── INFORMATION SHOWN ──
(* Let $0<\alpha<1/2$. Then, as $N\to\infty$ through positive integers, \[ \frac{1}{N}\sum_{m,n=1}^{N}\frac{(m,n)^{2\alpha}}{(mn)^{\alpha}} = \frac{\zeta(2-2\alpha)}{\zeta(2)(1-\alpha)^2}\,N^{1-2\alpha}+O(1), \] where the implied constant depends only on $\alpha$.
   Context: $(m,n)$ denotes the greatest common divisor of $m$ and $n$, and $\zeta$ is the Riemann zeta function. *)

theory Defs
  imports "HOL-Analysis.Analysis"
begin

text \<open>Riemann zeta function on real arguments s > 1, given by its defining Dirichlet series.
  (Only values at 2 and 2 - 2 alpha, both > 1, are needed.)\<close>
definition zeta_real :: "real \<Rightarrow> real" where
  "zeta_real s = (\<Sum>n. 1 / real (Suc n) powr s)"

end

(*
  Let J_a(d) = d^a \<Prod>_{p | d} (1 - p^-a) be Jordan's totient function for real a, so that
  \<Sum>_{d | n} J_a(d) = n^a. Expanding gcd(m,n)^(2\<alpha>) = \<Sum>_{d | m, d | n} J_2\<alpha>(d) and summing over
  m and n first turns the gcd sum into \<Sum>_{d \<le> N} J_2\<alpha>(d) d^-2\<alpha> A(N/d)^2, where
  A(x) = \<Sum>_{k \<le> x} k^-\<alpha> = x^(1-\<alpha>)/(1-\<alpha>) + O(1). As J_2\<alpha>(d) d^-2\<alpha> \<le> 1, replacing A by its
  main term costs O(\<Sum>_{d \<le> N} (N/d)^(1-\<alpha>)) = O(N) and leaves N^(2-2\<alpha>)/(1-\<alpha>)^2 \<Sum>_{d \<le> N} J_2\<alpha>(d)/d^2.
  Dividing the divisor-sum identity by n^2 and summing over n gives \<Sum>_d J_a(d)/d^2 = \<zeta>(2-a)/\<zeta>(2);
  for 2\<alpha> < 1 the tail of this series beyond N is O(N^(2\<alpha>-1)), which again contributes O(N).
*)

theory Submission
  imports Defs "HOL-Computational_Algebra.Primes"
begin

section \<open>Jordan's totient function for real exponents\<close>

lemma sum_divisors_mult_coprime:
  fixes f :: "nat \<Rightarrow> 'a :: comm_monoid_add"
  assumes "coprime a b"
  shows "(\<Sum>d | d dvd a * b. f d) = (\<Sum>x | x dvd a. \<Sum>y | y dvd b. f (x * y))"
proof -
  have gcd_factors: "gcd (x * y) a = x \<and> gcd (x * y) b = y" if "x dvd a" "y dvd b" for x y
  proof -
    have "coprime a y" "coprime x b"
      using coprime_divisors[OF dvd_refl that(2) assms] coprime_divisors[OF that(1) dvd_refl assms] .
    then show ?thesis
      using that by (simp add: gcd_mult_left_right_cancel gcd_mult_left_left_cancel coprime_commute gcd_nat.absorb1)
  qed
  have "bij_betw (\<lambda>(x, y). x * y) ({x. x dvd a} \<times> {y. y dvd b}) {d. d dvd a * b}"
  proof (rule bij_betwI[where g = "\<lambda>d. (gcd d a, gcd d b)"])
    show "(\<lambda>d. (gcd d a, gcd d b)) ((\<lambda>(x, y). x * y) u) = u"
      if "u \<in> {x. x dvd a} \<times> {y. y dvd b}" for u
      using that gcd_factors by auto
    show "(\<lambda>(x, y). x * y) (gcd d a, gcd d b) = d" if "d \<in> {d. d dvd a * b}" for d
      using that gcd_factors division_decomp by (metis (no_types, lifting) case_prod_conv mem_Collect_eq)
    show "(\<lambda>(x, y). x * y) \<in> {x. x dvd a} \<times> {y. y dvd b} \<rightarrow> {d. d dvd a * b}"
      by (auto intro: mult_dvd_mono)
    show "(\<lambda>d. (gcd d a, gcd d b)) \<in> {d. d dvd a * b} \<rightarrow> {x. x dvd a} \<times> {y. y dvd b}"
      by auto
  qed
  then show ?thesis
    by (simp add: sum.reindex_bij_betw[symmetric] sum.cartesian_product split_def)
qed

definition jordan_totient :: "real \<Rightarrow> nat \<Rightarrow> real" where
  "jordan_totient a d = real d powr a * (\<Prod>p\<in>prime_factors d. 1 - real p powr (-a))"

lemma prime_factor_powr_neg_le_one:
  assumes "p \<in> prime_factors d" "0 \<le> a"
  shows "real p powr (-a) \<le> 1"
proof -
  have "1 \<le> real p"
    using assms(1) prime_gt_0_nat by (auto simp: in_prime_factors_iff Suc_le_eq)
  then show ?thesis
    using assms(2) by (simp add: powr_minus_divide ge_one_powr_ge_zero)
qed
lemma butlast_nth_snoc: "length y = k \<Longrightarrow> butlast (y @ [v]) = y \<and> (y @ [v]) ! k = v"
  using nth_append_length[of y v "[]"] by simp

lemma take_Suc_bounds:
  assumes k: "k < m" and a: "a \<in> A"
    and memb: "\<And>a. a \<in> trunc (Suc k) \<longleftrightarrow> (a \<in> Fgam Z (Suc k) {i \<in> I. i < Suc k} \<and> butlast a \<in> trunc k \<and>
        \<mu> (butlast a) \<le> a ! k \<and> a ! k \<le> \<nu> (butlast a) \<and> cong_ext Z (N ! k) (a ! k) (Fin (of_nat \<rho>)))"
  shows "\<mu> (take k a) \<le> a ! k \<and> a ! k \<le> \<nu> (take k a) \<and> cong_ext Z (N ! k) (a ! k) (Fin (of_nat \<rho>))"
proof -
  have "take (Suc k) a \<in> trunc (Suc k)" using take_in_trunc[OF a] .
  moreover have "butlast (take (Suc k) a) = take k a" using A_length[OF a] k by (simp add: butlast_take)
  moreover have "take (Suc k) a ! k = a ! k" by simp
  ultimately show ?thesis using memb by metis
qed

text \<open>Near a point \<open>b\<close> of \<open>\<overline>A\<close> whose \<open>k\<close>-th coordinate is \<open>+\<infinity>\<close>, the upper bound of \<open>A\<close> in
  direction \<open>k\<close> becomes arbitrarily large, since it dominates the \<open>k\<close>-th coordinates of points
  of \<open>A\<close> close to \<open>b\<close>.\<close>

lemma upper_bound_large_near:
  assumes b: "b \<in> clos Z m A" and k: "k < m" and bk: "b ! k = PInf"
    and lc: "largely_cont Z k (trunc k) \<nu>" and bound: "\<And>a. a \<in> A \<Longrightarrow> a ! k \<le> \<nu> (take k a)"
    and c: "c \<in> divhull Z"
  shows "\<exists>V. is_box k (take k b) V \<and> (\<forall>y\<in>trunc k. in_box k V y \<longrightarrow> Fin c < \<nu> y)"
proof -
  have Dk: "trunc k \<subseteq> gam_tuples k" using trunc_gam_tuples k by simp
  have bk_clos: "take k b \<in> clos Z k (trunc k)" unfolding trunc_def using take_clos[OF b] k by simp
  obtain g where g: "g \<in> omg Z" and gT: "\<And>T. basic_open Z T \<Longrightarrow> g \<in> T \<Longrightarrow>
      (\<exists>V. is_box k (take k b) V \<and> (\<forall>y\<in>trunc k. in_box k V y \<longrightarrow> \<nu> y \<in> T))"
    using largely_cont_limit[OF lc Dk bk_clos] by blast
  have "g = PInf"
  proof (rule ccontr)
    assume "g \<noteq> PInf"
    then obtain h where h: "g = Fin h" by (cases g) auto
    have hd: "h \<in> divhull Z" using g h by simp
    have o1: "1 \<in> divhull Z" using Z_divhull[OF Z_one] .
    have T: "basic_open Z (ival (h - 1) (h + 1))"
      by (rule ival_open[OF divhull_diff[OF hd o1] divhull_add[OF hd o1]])
    have "g \<in> ival (h - 1) (h + 1)" unfolding h using hd by (intro Fin_in_ival) auto
    then obtain V where V: "is_box k (take k b) V"
        "\<forall>y\<in>trunc k. in_box k V y \<longrightarrow> \<nu> y \<in> ival (h - 1) (h + 1)"
      using gT[OF T] by blast
    define V' where "V' i = (if i < k then V i else ray (h + 1))" for i
    have "is_box (Suc k) b V'"
      using V(1) ray_open[OF divhull_add[OF hd o1]] PInf_in_ray bk
      unfolding is_box_def V'_def by (auto simp: less_Suc_eq)
    then obtain a where a: "a \<in> A" "in_box (Suc k) V' a"
      using clos_exact_approx[OF A_gam_tuples b Suc_leI[OF k]] by blast
    have "in_box k V (take k a)" unfolding in_box_def
    proof (intro allI impI)
      fix i assume i: "i < k"
      then have "a ! i \<in> V' i" using a(2) unfolding in_box_def by simp
      then show "take k a ! i \<in> V i" using i unfolding V'_def by simp
    qed
    then have "\<nu> (take k a) < Fin (h + 1)"
      using V(2) take_in_trunc[OF a(1)] unfolding ival_def by auto
    moreover have "Fin (h + 1) < a ! k" using a(2) unfolding in_box_def V'_def ray_def by auto
    ultimately show False using bound[OF a(1)] by auto
  qed
  then have "g \<in> ray c" using PInf_in_ray by simp
  then obtain V where "is_box k (take k b) V" "\<forall>y\<in>trunc k. in_box k V y \<longrightarrow> \<nu> y \<in> ray c"
    using gT[OF ray_open[OF c]] by blast
  then show ?thesis unfolding ray_def by auto
qed

end

section \<open>Approaching a boundary point from inside the precell\<close>

context precell begin

definition unbounded_fibres where
  "unbounded_fibres j C \<longleftrightarrow> (\<forall>p\<in>trunc j. \<forall>c\<in>divhull Z.
     \<exists>x\<in>Z. c < x \<and> p @ [Fin x] \<in> trunc (Suc j) \<and> C (Fin x))"

end

locale approach = precell +
  fixes K :: "nat set" and b and j :: nat
  assumes bcl: "b \<in> clos Z m A" and bK: "b \<in> Fgam Z m K" and KI: "K \<subseteq> I"
    and jI: "j \<in> I" and jK: "j \<notin> K" and jmin: "\<forall>i<j. i \<in> I \<longrightarrow> i \<in> K"
begin

lemma j_less_m: "j < m" using jI I_subset by auto

lemma b_length: "length b = m" using bK unfolding Fgam_def by auto

lemma approach_prefix:
  assumes T: "basic_open Z T" "PInf \<in> T"
  shows "\<exists>a\<in>A. take j a = take j b \<and> a ! j \<in> T"
proof -
  define T' where "T' i = (if i = j then T else std_nbhd (b ! i))" for i
  have "is_box (Suc j) b T'" unfolding is_box_def T'_def
    using T std_nbhd_open clos_nth_omg[OF bcl] Fgam_nth_notin[OF bK j_less_m jK] j_less_m by auto
  then obtain a where a: "a \<in> A" "in_box (Suc j) T' a" "\<forall>i<m. b ! i \<noteq> PInf \<longrightarrow> a ! i = b ! i"
    using clos_exact_approx[OF A_gam_tuples bcl Suc_leI[OF j_less_m]] by blast
  have "take j a = take j b"
  proof (rule nth_equalityI)
    show "length (take j a) = length (take j b)" using A_length[OF a(1)] b_length by simp
    fix i assume i: "i < length (take j a)"
    then have ij: "i < j" and im: "i < m" using A_length[OF a(1)] j_less_m by auto
    show "take j a ! i = take j b ! i"
    proof (cases "b ! i = PInf")
      case True
      then have "i \<notin> I" using bK im jmin ij unfolding Fgam_def by auto
      then have "a ! i = PInf" using Fgam_nth_notin[of a m I i] a(1) A_Fgam im by blast
      then show ?thesis using True ij by simp
    next
      case False
      then show ?thesis using a(3) im ij by simp
    qed
  qed
  moreover have "a ! j \<in> T" using a(2) unfolding in_box_def T'_def by auto
  ultimately show ?thesis using a(1) by blast
qed

lemma take_b_trunc: "take j b \<in> trunc j"
proof -
  obtain a where "a \<in> A" "take j a = take j b"
    using approach_prefix[OF ray_open[OF Z_divhull[OF Z_zero]] PInf_in_ray] by blast
  then show ?thesis using take_in_trunc by metis
qed

definition approachable where
  "approachable k C \<longleftrightarrow> (\<forall>W. is_box k b W \<longrightarrow> (\<exists>y\<in>trunc k. C (y ! j) \<and> in_box k W y))"

lemma approachable_Suc_j:
  assumes "unbounded_fibres j C"
  shows "approachable (Suc j) C"
  unfolding approachable_def
proof (intro allI impI)
  fix W assume W: "is_box (Suc j) b W"
  have "basic_open Z (W j)" "PInf \<in> W j"
    using W Fgam_nth_notin[OF bK j_less_m jK] unfolding is_box_def by auto
  then obtain c where c: "c \<in> divhull Z" "ray c \<subseteq> W j" using basic_open_PInf_ray by blast
  obtain x where x: "x \<in> Z" "c < x" "take j b @ [Fin x] \<in> trunc (Suc j)" "C (Fin x)"
    using assms take_b_trunc c(1) unfolding unbounded_fibres_def by blast
  have len: "length (take j b) = j" using b_length j_less_m by simp
  have "Fin x \<in> W j" using c(2) x(1,2) Z_divhull unfolding ray_def by auto
  moreover have "in_box j W (take j b)"
    using W unfolding in_box_take is_box_def in_box_def by auto
  ultimately have "in_box (Suc j) W (take j b @ [Fin x])" by (rule in_box_snoc[OF len, rotated])
  then show "\<exists>y\<in>trunc (Suc j). C (y ! j) \<and> in_box (Suc j) W y"
    using x(3,4) nth_append_length[of "take j b" "Fin x" "[]"] len
    by (intro bexI[of _ "take j b @ [Fin x]"]) auto
qed

lemma approachable_Suc_notin:
  assumes n: "j < n" "n < m" "n \<notin> I" and IH: "approachable n C"
  shows "approachable (Suc n) C"
  unfolding approachable_def
proof (intro allI impI)
  fix W assume W: "is_box (Suc n) b W"
  obtain y where y: "y \<in> trunc n" "C (y ! j)" "in_box n W y"
    using IH is_box_Suc[OF W] unfolding approachable_def by blast
  obtain a where a: "a \<in> trunc (Suc n)" "butlast a = y" using trunc_extend[OF n(2) y(1)] by blast
  have "Suc n \<le> m" using n(2) by simp
  then have aF: "a \<in> Fgam Z (Suc n) {i \<in> I. i < Suc n}" using trunc_Fgam a(1) by blast
  have la: "length a = Suc n" using aF unfolding Fgam_def by simp
  have an: "a ! n = PInf" using Fgam_nth_notin[OF aF] n(3) by simp
  have ne: "a \<noteq> []" using la by auto
  have "butlast a @ [last a] = a" using ne by (rule append_butlast_last_id)
  moreover have "last a = a ! n" using ne la by (simp add: last_conv_nth)
  ultimately have ay: "a = y @ [PInf]" using a(2) an by simp
  have ly: "length y = n" using trunc_length y(1) n(2) by simp
  have "b ! n = PInf" using Fgam_nth_notin[OF bK n(2)] n(3) KI by blast
  then have "PInf \<in> W n" using W unfolding is_box_def by (metis lessI)
  then have "in_box (Suc n) W a" unfolding ay using in_box_snoc[OF ly y(3)] by simp
  moreover have "C (a ! j)" unfolding ay using y(2) n(1) ly by (simp add: nth_append_left)
  ultimately show "\<exists>y\<in>trunc (Suc n). C (y ! j) \<and> in_box (Suc n) W y" using a(1) by blast
qed

lemma approachable_Suc_fixed:
  assumes n: "j < n" "n < m" "n \<in> K" and IH: "approachable n C"
  shows "approachable (Suc n) C"
  unfolding approachable_def
proof (intro allI impI)
  fix W assume W: "is_box (Suc n) b W"
  obtain \<mu> \<nu> \<rho> where h1: "affine_on Z {i \<in> I. i < n} (trunc n) \<mu>"
    and h2: "affine_on Z {i \<in> I. i < n} (trunc n) \<nu>"
    and h3: "largely_cont Z n (trunc n) \<mu>" and h4: "largely_cont Z n (trunc n) \<nu>" and "\<rho> < N ! n"
    and memb: "\<And>a. a \<in> trunc (Suc n) \<longleftrightarrow> (a \<in> Fgam Z (Suc n) {i \<in> I. i < Suc n} \<and> butlast a \<in> trunc n \<and>
        \<mu> (butlast a) \<le> a ! n \<and> a ! n \<le> \<nu> (butlast a) \<and> cong_ext Z (N ! n) (a ! n) (Fin (of_nat \<rho>)))"
    using level_trunc_data[OF n(2)] by blast
  obtain v where v: "v \<in> Z" "b ! n = Fin v" using Fgam_nth_in[OF bK n(2,3)] by blast
  have Dn: "trunc n \<subseteq> gam_tuples n" "\<forall>y\<in>trunc n. \<forall>i\<in>{i \<in> I. i < n}. fin_val (y ! i) \<in> Z"
    using trunc_gam_tuples[of n] trunc_fin_val_Z[of n] n(2) by auto
  have bn: "take n b \<in> clos Z n (trunc n)" unfolding trunc_def using take_clos[OF bcl] n(2) by simp
  obtain W1 where W1: "is_box n (take n b) W1" and s1: "\<forall>y\<in>trunc n. \<forall>y'\<in>trunc n.
      in_box n W1 y \<longrightarrow> in_box n W1 y' \<longrightarrow> \<mu> y = \<mu> y' \<or> (Fin v < \<mu> y \<and> Fin v < \<mu> y')"
    using affine_locally_stable[OF h1 _ Dn(2) h3 Dn(1) bn Z_divhull[OF v(1)]] by auto
  obtain W2 where W2: "is_box n (take n b) W2" and s2: "\<forall>y\<in>trunc n. \<forall>y'\<in>trunc n.
      in_box n W2 y \<longrightarrow> in_box n W2 y' \<longrightarrow> \<nu> y = \<nu> y' \<or> (Fin v < \<nu> y \<and> Fin v < \<nu> y')"
    using affine_locally_stable[OF h2 _ Dn(2) h4 Dn(1) bn Z_divhull[OF v(1)]] by auto
  define W' where "W' i = W i \<inter> (W1 i \<inter> W2 i)" for i
  have W': "is_box n b W'"
    unfolding W'_def by (intro is_box_Int is_box_Suc[OF W] is_box_take[OF W1] is_box_take[OF W2])
  define T where "T i = (if i < n then W' i else W n)" for i
  have "is_box (Suc n) b T" using W' W unfolding T_def is_box_def by (auto simp: less_Suc_eq)
  then obtain a where a: "a \<in> A" "in_box (Suc n) T a" "\<forall>i<m. b ! i \<noteq> PInf \<longrightarrow> a ! i = b ! i"
    using clos_exact_approx[OF A_gam_tuples bcl Suc_leI[OF n(2)]] by blast
  have an: "a ! n = Fin v" using a(3) n(2) v(2) by auto
  have "in_box n W' (take n a)" unfolding in_box_def
  proof (intro allI impI)
    fix i assume i: "i < n"
    then have "a ! i \<in> T i" using a(2) unfolding in_box_def by simp
    then show "take n a ! i \<in> W' i" using i unfolding T_def by simp
  qed
  then have aW: "in_box n W1 (take n a)" "in_box n W2 (take n a)"
    unfolding W'_def in_box_def by auto
  have ta: "take n a \<in> trunc n" using take_in_trunc[OF a(1)] .
  have am: "\<mu> (take n a) \<le> Fin v" "Fin v \<le> \<nu> (take n a)" "cong_ext Z (N ! n) (Fin v) (Fin (of_nat \<rho>))"
    using take_Suc_bounds[OF n(2) a(1) memb] an by auto
  obtain y where y: "y \<in> trunc n" "C (y ! j)" "in_box n W' y"
    using IH W' unfolding approachable_def by blast
  have yW: "in_box n W y" "in_box n W1 y" "in_box n W2 y" using y(3) unfolding W'_def in_box_def by auto
  have "\<mu> y = \<mu> (take n a) \<or> (Fin v < \<mu> y \<and> Fin v < \<mu> (take n a))"
    using s1 y(1) ta yW(2) aW(1) by blast
  then have "\<mu> y \<le> Fin v" using am(1) by auto
  moreover have "\<nu> y = \<nu> (take n a) \<or> (Fin v < \<nu> y \<and> Fin v < \<nu> (take n a))"
    using s2 y(1) ta yW(3) aW(2) by blast
  then have "Fin v \<le> \<nu> y" using am(2) by auto
  moreover have ly: "length y = n" using trunc_length y(1) n(2) by simp
  moreover have "y \<in> Fgam Z n {i \<in> I. i < n}" using trunc_Fgam[of n] n(2) y(1) by auto
  then have "y @ [Fin v] \<in> Fgam Z (Suc n) {i \<in> I. i < Suc n}"
    by (rule Fgam_snoc) (use v n(3) KI in auto)
  ultimately have "y @ [Fin v] \<in> trunc (Suc n)" using memb y(1) am(3) butlast_nth_snoc[OF ly] by simp
  moreover have "Fin v \<in> W n" using W v(2) unfolding is_box_def by (metis lessI)
  then have "in_box (Suc n) W (y @ [Fin v])" by (rule in_box_snoc[OF ly yW(1)])
  moreover have "C ((y @ [Fin v]) ! j)" using y(2) n(1) ly by (simp add: nth_append_left)
  ultimately show "\<exists>y\<in>trunc (Suc n). C (y ! j) \<and> in_box (Suc n) W y" by blast
qed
───
**TASK:**
Look over the data above and show each line that contains "cases".

**RESPONSE TO THE TASK:**
    then obtain h where h: "g = Fin h" by (cases g) auto
    proof (cases "b ! i = PInf")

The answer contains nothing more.